Smith & Williamson
- Type: Limited Company
- Industry: Professional services
- Founded: 1881
- Headquarters: London, United Kingdom
- Key people: David Cobb & Kevin Stopps, coCEOs
- Products: Accounting Corporate services Investment management Tax
- Number of employees: 1,700 (including partners)
- Website: smithandwilliamson.com

= Smith & Williamson =

United Kingdom financial and professional services firm

Smith & Williamson was a United Kingdom financial and professional services firm whose professional services business was later revived as S&W Group following a 2024 acquisition by Apax Partners, after the firm had previously become part of Tilney in 2019 and been rebranded as Evelyn Partners in 2022.

==History==
Smith & Williamson was founded by David Johnstone Smith and Andrew Williamson in Glasgow in 1881.

By 1998, the firm had seven offices and claimed to be the 12th largest accounting firm in the UK based on fee income.
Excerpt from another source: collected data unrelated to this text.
lemma cinner_diff_eq_zero_if_proj_eq:
  assumes S: "csubspace S" and w: "w \<in> S" and eq: "proj S x = proj S y"
  shows "cinner w (\<lambda>i. x i - y i) = 0"
proof -
  have "cinner w (\<lambda>i. x i - y i) = cinner w (proj S (\<lambda>i. x i - y i))"
    using proj_self_adjoint[OF S, of w] proj_fixed[OF S w] by simp
  also have "\<dots> = 0"
    by (simp add: clinear_map_diff[OF clinear_map_proj[OF S]] eq)
  finally show ?thesis .
qed

lemma proj_ssup_commuting:
  assumes S: "csubspace S" and T: "csubspace T"
    and comm: "proj S \<circ> proj T = proj T \<circ> proj S"
  shows "proj (ssup S T) v = (\<lambda>i. proj S v i + proj T v i - proj S (proj T v) i)"
    (is "_ = ?t")
proof -
  have TS: "proj T (proj S x) = proj S (proj T x)" for x
    using comm by (metis comp_apply)
  have U: "csubspace (ssup S T)" and SU: "S \<subseteq> ssup S T" and TU: "T \<subseteq> ssup S T"
    unfolding ssup_def using csubspace_cspan cspan_superset by blast+
  have "proj S v \<in> ssup S T" "proj T v \<in> ssup S T" "proj S (proj T v) \<in> ssup S T"
    using SU TU proj_in[OF S] proj_in[OF T] by blast+
  then have t_in: "?t \<in> ssup S T"
    by (rule csubspace_diff[OF U csubspace_add[OF U]])
  have "proj S v = proj S ?t"
    by (simp only: clinear_map_diff[OF clinear_map_proj[OF S]] clinear_map_add[OF clinear_map_proj[OF S]])
      (simp add: proj_idem[OF S] TS)
  moreover have "proj T v = proj T ?t"
    by (simp only: clinear_map_diff[OF clinear_map_proj[OF T]] clinear_map_add[OF clinear_map_proj[OF T]])
      (simp add: proj_idem[OF T] TS)
  ultimately have "cinner w (\<lambda>i. v i - ?t i) = 0" if "w \<in> S \<union> T" for w
    using that cinner_diff_eq_zero_if_proj_eq[OF S] cinner_diff_eq_zero_if_proj_eq[OF T] by blast
  then show ?thesis
    using proj_eqI[OF U t_in] cspan_orthogonal unfolding ssup_def by blast
qed
theorem theorem4p7:
  fixes N :: nat and \<sigma> :: real
    and \<psi> \<psi>' :: "real \<Rightarrow> real"
    and x v :: "nat \<Rightarrow> real \<Rightarrow> real^3"
  assumes N: "N \<ge> 1"
    and sigma: "\<sigma> > 0"
    and psi_nonneg: "\<And>s. s \<in> {0..2} \<Longrightarrow> \<psi> s \<ge> 0"
    and psi_decr: "\<And>a b. 0 \<le> a \<Longrightarrow> a \<le> b \<Longrightarrow> b \<le> 2 \<Longrightarrow> \<psi> b \<le> \<psi> a"
    and psi_deriv: "\<And>s. s \<in> {0..2} \<Longrightarrow> (\<psi> has_real_derivative \<psi>' s) (at s within {0..2})"
    and psi_C1: "continuous_on {0..2} \<psi>'"
    and psi_2: "\<psi> 2 = 0"
    and psi'_2: "\<psi>' 2 < 0"
    and ode_x: "\<And>i t. i < N \<Longrightarrow> t \<ge> 0 \<Longrightarrow>
        ((x i) has_vector_derivative v i t) (at t within {0..})"
    and ode_v: "\<And>i t. i < N \<Longrightarrow> t \<ge> 0 \<Longrightarrow>
        ((v i) has_vector_derivative
           (- ((norm (v i t))\<^sup>2 / (norm (x i t))\<^sup>2) *\<^sub>R x i t
            + (\<Sum>j<N. (1 / real N) *\<^sub>R
                 (psiRv \<psi> (x i t) (x j t) (v j t) - \<psi> (norm (x i t - x j t)) *\<^sub>R v i t))
            + (\<Sum>k<N. (\<sigma> / real N) *\<^sub>R
                 ((norm (x i t))\<^sup>2 *\<^sub>R x k t - (x i t \<bullet> x k t) *\<^sub>R x i t))))
         (at t within {0..})"
    and init_sphere: "\<And>i. i < N \<Longrightarrow> norm (x i 0) = 1"
    and init_tangent: "\<And>i. i < N \<Longrightarrow> v i 0 \<bullet> x i 0 = 0"
    and energy_small: "2 * \<sigma> > (real N)\<^sup>2 * energy N \<sigma> (\<lambda>k. x k 0) (\<lambda>k. v k 0)"
  shows "((\<lambda>t. Max {align_err (x i t) (x j t) (v i t) (v j t) | i j. i < N \<and> j < N})
            \<longlongrightarrow> 0) at_top
       \<and> Liminf at_top (\<lambda>t. ereal (Min {norm (x i t + x j t) | i j. i < N \<and> j < N})) > 0"
proof -
  interpret sphere_flocking N \<sigma> \<psi> \<psi>' x v
    by (rule sphere_flocking.intro) (fact assms)+
  show ?thesis using Max_align_err_tendsto_0 Liminf_min_norm_add_pos ..
qed

end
It also acted as an investment manager and private banking house.

In October 2002, the audit business of Smith & Williamson was transferred into Nexia Audit Limited, taking the name of its international network.

Smith & Williamson has had a number of mergers. The first merger was with NCL (Securities) Limited, an investment manager, in 2002. Its second merger was with Solomon Hare, a private accounting firm in the UK, in 2005.

Nexia Audit Limited was renamed Nexia Smith & Williamson Audit Limited in 2006.

In 2018 Smith & Williamson merged with LHM Casey McGrath in Dublin. In September 2020, the company announced it had completed its merger with the Tilney group.

In February 2022 the merged firm Tilney Smith & Williamson, owned by private equity funds Permira and Warburg Pincus, was re-branded as Evelyn Partners. Nexia Smith & Williamson Audit Limited was renamed CLA Evelyn Partners Limited.

In May 2022, the firm announced the acquisition of two Scotland based financial adviser and asset management companies, Capital Risk Management and MP2 financial. The acquisition was processed with the aim of expanding the organisation’s reach in the UK.

In 2024, the professional services business of Evelyn Partners was acquired by Apax Partners LLP and subsequently rebranded as S&W Group, reviving the Smith & Williamson name the following year.

==Locations==
Smith & Williamson had twelve offices in the United Kingdom and Ireland: Bristol, Birmingham, Cheltenham, Guildford, Salisbury and Southampton, England; Belfast and Dublin (City and Sandyford), Ireland; Jersey; and Glasgow, Scotland, with the headquarter office in London, England. In Belfast the firm operated under the name Cunningham Coates.
==International network==
Smith & Williamson's international network was originally called S&W International. In 1998, Smith & Williamson became a member of Nexia International following Neville Russell's merger with Mazars and departure from Nexia International, leaving it without a UK firm. On becoming a member of Nexia, Smith & Williamson revoked their membership of S&W International.

In 2007, Nexia merged with SC International, the international network of Saffery Champness, to become the ninth largest provider of audit and accounting services.

In July 2022, CLA Evelyn Partners ceased to be a member of Nexia International and became a member of CLA Global.

==Panama Papers==
The company's activities came under scrutiny in 2016, when it was revealed that its employees had managed the Smith & Williamson Blairmore Global Equity Fund since 1997. This fund was founded by David Cameron's (prime minister of the UK from 2010 to 2016) late father Ian. Earlier in the year, HM Revenue & Customs won a court case against Smith & Williamson, over the treatment of "goodwill payments" made by the firm to a portfolio manager and some team members.